For the string "unfolding", search the entries below and copy every line where it appears.

- [PROVIDED RECORDS]:
- Opening Delimiter -

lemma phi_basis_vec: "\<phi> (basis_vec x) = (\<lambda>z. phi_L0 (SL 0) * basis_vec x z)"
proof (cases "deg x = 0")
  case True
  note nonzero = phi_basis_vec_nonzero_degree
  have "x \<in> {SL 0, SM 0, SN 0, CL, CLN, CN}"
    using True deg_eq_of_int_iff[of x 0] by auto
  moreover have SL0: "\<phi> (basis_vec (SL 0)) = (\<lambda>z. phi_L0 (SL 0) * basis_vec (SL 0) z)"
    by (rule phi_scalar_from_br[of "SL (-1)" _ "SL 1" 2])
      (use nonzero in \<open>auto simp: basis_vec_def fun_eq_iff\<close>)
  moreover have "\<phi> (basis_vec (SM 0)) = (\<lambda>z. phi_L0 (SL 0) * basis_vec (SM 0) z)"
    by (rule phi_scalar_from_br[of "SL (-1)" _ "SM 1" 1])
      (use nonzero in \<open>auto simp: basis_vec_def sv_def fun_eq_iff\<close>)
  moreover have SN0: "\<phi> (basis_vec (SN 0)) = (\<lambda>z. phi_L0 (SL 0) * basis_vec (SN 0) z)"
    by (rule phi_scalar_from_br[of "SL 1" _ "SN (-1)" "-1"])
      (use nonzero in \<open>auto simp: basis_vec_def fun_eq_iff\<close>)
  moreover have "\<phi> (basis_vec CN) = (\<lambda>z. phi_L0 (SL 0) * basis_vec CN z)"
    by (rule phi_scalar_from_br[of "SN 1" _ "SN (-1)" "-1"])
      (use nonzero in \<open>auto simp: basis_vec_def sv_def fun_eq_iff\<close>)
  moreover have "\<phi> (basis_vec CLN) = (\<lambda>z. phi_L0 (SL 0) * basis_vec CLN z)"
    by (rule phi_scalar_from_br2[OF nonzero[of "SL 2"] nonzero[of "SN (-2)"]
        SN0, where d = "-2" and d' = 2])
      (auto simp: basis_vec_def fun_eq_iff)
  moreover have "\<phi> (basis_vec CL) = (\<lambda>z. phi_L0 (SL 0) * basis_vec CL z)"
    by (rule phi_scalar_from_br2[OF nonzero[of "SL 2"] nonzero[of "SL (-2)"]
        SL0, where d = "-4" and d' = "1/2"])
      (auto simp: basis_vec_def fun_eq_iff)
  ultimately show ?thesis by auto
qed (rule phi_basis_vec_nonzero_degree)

- Closing Delimiter -
- Opening Delimiter -

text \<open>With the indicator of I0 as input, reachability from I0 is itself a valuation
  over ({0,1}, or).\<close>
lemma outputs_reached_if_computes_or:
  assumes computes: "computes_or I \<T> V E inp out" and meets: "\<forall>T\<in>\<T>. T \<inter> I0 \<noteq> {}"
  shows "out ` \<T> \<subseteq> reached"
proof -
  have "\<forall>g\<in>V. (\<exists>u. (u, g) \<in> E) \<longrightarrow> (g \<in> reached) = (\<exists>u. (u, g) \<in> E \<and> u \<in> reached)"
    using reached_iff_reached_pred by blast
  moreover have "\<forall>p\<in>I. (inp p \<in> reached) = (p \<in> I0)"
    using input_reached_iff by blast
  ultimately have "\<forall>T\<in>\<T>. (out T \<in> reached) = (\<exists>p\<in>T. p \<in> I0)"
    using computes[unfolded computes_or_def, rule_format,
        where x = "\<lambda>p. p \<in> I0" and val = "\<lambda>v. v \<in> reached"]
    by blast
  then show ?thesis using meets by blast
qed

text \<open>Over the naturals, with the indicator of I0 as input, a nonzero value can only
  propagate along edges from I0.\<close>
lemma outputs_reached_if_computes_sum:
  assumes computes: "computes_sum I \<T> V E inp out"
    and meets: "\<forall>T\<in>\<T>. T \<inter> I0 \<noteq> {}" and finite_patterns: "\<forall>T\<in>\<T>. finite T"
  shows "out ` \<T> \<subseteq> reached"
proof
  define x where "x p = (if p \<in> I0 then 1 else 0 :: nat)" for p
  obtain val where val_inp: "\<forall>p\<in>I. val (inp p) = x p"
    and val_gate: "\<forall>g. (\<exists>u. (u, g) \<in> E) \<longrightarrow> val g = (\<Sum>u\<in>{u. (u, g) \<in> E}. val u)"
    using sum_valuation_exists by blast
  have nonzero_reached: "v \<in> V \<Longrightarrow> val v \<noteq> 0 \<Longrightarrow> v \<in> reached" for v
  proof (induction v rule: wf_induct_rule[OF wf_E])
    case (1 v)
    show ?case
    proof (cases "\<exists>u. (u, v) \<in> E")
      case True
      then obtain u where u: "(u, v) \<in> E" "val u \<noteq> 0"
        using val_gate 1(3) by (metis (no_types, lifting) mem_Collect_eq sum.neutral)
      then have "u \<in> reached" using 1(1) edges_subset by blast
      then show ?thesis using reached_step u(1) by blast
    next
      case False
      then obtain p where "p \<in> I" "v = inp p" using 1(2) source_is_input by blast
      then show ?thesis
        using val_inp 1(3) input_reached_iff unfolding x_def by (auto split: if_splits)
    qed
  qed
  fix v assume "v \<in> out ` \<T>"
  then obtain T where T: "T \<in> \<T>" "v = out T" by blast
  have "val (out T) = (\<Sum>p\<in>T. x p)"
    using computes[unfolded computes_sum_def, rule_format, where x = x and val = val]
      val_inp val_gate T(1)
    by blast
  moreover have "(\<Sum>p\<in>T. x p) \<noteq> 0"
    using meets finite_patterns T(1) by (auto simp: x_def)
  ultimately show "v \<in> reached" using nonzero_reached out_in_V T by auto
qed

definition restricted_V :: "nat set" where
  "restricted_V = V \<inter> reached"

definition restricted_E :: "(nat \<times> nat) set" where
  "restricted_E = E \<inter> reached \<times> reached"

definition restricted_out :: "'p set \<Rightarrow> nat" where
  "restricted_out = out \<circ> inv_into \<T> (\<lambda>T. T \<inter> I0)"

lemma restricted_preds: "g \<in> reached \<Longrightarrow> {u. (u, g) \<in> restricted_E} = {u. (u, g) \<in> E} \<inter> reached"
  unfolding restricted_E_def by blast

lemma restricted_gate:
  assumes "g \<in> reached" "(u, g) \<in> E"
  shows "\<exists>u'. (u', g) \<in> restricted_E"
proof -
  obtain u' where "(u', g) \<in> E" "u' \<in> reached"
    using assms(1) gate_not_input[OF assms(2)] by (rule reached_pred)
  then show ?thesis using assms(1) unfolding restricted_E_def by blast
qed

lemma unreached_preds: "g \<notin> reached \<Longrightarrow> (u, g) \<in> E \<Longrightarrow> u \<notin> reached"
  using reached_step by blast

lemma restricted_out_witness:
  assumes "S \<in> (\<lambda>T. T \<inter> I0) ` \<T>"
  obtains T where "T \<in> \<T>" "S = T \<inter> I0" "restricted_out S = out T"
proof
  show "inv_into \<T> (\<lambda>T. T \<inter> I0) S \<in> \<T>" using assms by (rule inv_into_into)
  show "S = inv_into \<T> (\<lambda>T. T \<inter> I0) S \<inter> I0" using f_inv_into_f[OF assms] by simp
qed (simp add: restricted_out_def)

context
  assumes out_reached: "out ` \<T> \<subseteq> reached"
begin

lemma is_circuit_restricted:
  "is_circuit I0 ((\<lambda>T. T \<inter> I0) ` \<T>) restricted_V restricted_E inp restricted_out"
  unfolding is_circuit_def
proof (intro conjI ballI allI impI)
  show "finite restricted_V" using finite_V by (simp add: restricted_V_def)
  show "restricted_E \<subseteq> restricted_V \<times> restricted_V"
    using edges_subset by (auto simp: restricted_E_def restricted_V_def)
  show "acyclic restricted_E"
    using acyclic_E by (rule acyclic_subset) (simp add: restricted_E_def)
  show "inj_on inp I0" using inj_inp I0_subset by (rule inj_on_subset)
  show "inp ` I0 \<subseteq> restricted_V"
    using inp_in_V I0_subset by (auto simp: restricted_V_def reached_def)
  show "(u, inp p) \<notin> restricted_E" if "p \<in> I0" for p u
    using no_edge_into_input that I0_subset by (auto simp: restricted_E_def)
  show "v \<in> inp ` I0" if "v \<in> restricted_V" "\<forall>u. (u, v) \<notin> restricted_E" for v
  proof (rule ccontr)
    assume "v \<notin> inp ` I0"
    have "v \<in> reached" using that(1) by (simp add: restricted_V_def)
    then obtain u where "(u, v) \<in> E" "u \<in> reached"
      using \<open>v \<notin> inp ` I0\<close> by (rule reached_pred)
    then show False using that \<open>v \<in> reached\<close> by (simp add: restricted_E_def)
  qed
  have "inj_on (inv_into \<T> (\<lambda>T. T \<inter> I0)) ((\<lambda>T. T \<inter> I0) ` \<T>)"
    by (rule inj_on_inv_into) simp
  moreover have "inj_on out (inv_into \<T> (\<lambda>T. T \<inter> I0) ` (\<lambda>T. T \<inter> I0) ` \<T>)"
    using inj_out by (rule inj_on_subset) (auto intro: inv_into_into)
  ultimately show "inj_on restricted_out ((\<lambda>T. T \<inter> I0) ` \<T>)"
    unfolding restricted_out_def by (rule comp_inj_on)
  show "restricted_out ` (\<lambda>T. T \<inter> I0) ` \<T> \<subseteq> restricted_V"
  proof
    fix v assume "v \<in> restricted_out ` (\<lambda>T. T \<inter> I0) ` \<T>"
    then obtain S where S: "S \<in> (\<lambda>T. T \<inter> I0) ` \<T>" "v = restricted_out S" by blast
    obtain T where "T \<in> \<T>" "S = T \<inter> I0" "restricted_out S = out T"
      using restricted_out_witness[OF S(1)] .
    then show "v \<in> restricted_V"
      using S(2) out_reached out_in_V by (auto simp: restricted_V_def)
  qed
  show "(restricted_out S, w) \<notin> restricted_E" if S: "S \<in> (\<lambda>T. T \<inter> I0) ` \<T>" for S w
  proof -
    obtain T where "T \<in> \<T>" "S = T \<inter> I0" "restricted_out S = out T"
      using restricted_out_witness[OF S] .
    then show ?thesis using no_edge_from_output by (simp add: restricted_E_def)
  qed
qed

- Closing Delimiter -
- Opening Delimiter -

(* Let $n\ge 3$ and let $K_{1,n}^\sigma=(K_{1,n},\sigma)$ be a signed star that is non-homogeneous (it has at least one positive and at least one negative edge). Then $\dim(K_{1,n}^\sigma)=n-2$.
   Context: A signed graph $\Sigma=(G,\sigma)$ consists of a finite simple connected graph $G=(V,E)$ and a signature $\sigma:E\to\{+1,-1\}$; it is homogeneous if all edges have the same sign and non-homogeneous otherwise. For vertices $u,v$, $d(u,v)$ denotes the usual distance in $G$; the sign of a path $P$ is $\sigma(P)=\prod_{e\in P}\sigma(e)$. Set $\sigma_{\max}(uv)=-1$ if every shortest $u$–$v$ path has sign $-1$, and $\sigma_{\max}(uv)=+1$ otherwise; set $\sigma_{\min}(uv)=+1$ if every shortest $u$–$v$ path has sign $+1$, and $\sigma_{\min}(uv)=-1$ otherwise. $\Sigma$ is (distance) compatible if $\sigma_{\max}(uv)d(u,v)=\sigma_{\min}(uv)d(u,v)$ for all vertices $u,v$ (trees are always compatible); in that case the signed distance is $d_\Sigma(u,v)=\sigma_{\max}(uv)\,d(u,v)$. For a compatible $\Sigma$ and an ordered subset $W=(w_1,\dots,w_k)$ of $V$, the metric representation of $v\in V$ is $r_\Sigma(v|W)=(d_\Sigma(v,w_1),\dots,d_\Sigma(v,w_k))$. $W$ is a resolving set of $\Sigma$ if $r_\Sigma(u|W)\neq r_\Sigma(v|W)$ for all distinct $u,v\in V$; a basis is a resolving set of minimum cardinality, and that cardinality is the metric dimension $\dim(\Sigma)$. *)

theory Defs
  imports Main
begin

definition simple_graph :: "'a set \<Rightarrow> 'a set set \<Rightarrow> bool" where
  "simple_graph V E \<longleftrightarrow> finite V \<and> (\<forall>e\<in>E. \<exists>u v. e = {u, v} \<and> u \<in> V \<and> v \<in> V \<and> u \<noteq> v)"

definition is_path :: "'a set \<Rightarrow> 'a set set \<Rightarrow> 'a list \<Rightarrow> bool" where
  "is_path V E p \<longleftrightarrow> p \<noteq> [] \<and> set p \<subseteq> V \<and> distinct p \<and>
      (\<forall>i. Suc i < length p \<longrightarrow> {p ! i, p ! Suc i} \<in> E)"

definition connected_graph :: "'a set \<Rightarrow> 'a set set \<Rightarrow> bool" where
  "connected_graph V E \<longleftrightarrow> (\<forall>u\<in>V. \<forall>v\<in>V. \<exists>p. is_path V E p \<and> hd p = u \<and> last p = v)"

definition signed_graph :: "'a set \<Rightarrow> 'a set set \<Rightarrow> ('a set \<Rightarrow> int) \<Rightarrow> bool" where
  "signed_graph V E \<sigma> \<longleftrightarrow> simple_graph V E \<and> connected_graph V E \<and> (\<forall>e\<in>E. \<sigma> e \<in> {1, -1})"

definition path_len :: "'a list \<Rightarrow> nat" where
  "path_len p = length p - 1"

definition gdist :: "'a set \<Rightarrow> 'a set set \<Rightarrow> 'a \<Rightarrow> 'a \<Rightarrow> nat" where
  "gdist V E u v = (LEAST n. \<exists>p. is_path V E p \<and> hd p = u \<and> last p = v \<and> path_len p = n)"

- Closing Delimiter -

- [COMPLETED TASK]:
        using val_inp 1(3) input_reached_iff unfolding x_def by (auto split: if_splits)
  unfolding restricted_E_def by blast
  then show ?thesis using assms(1) unfolding restricted_E_def by blast
  unfolding is_circuit_def
    unfolding restricted_out_def by (rule comp_inj_on)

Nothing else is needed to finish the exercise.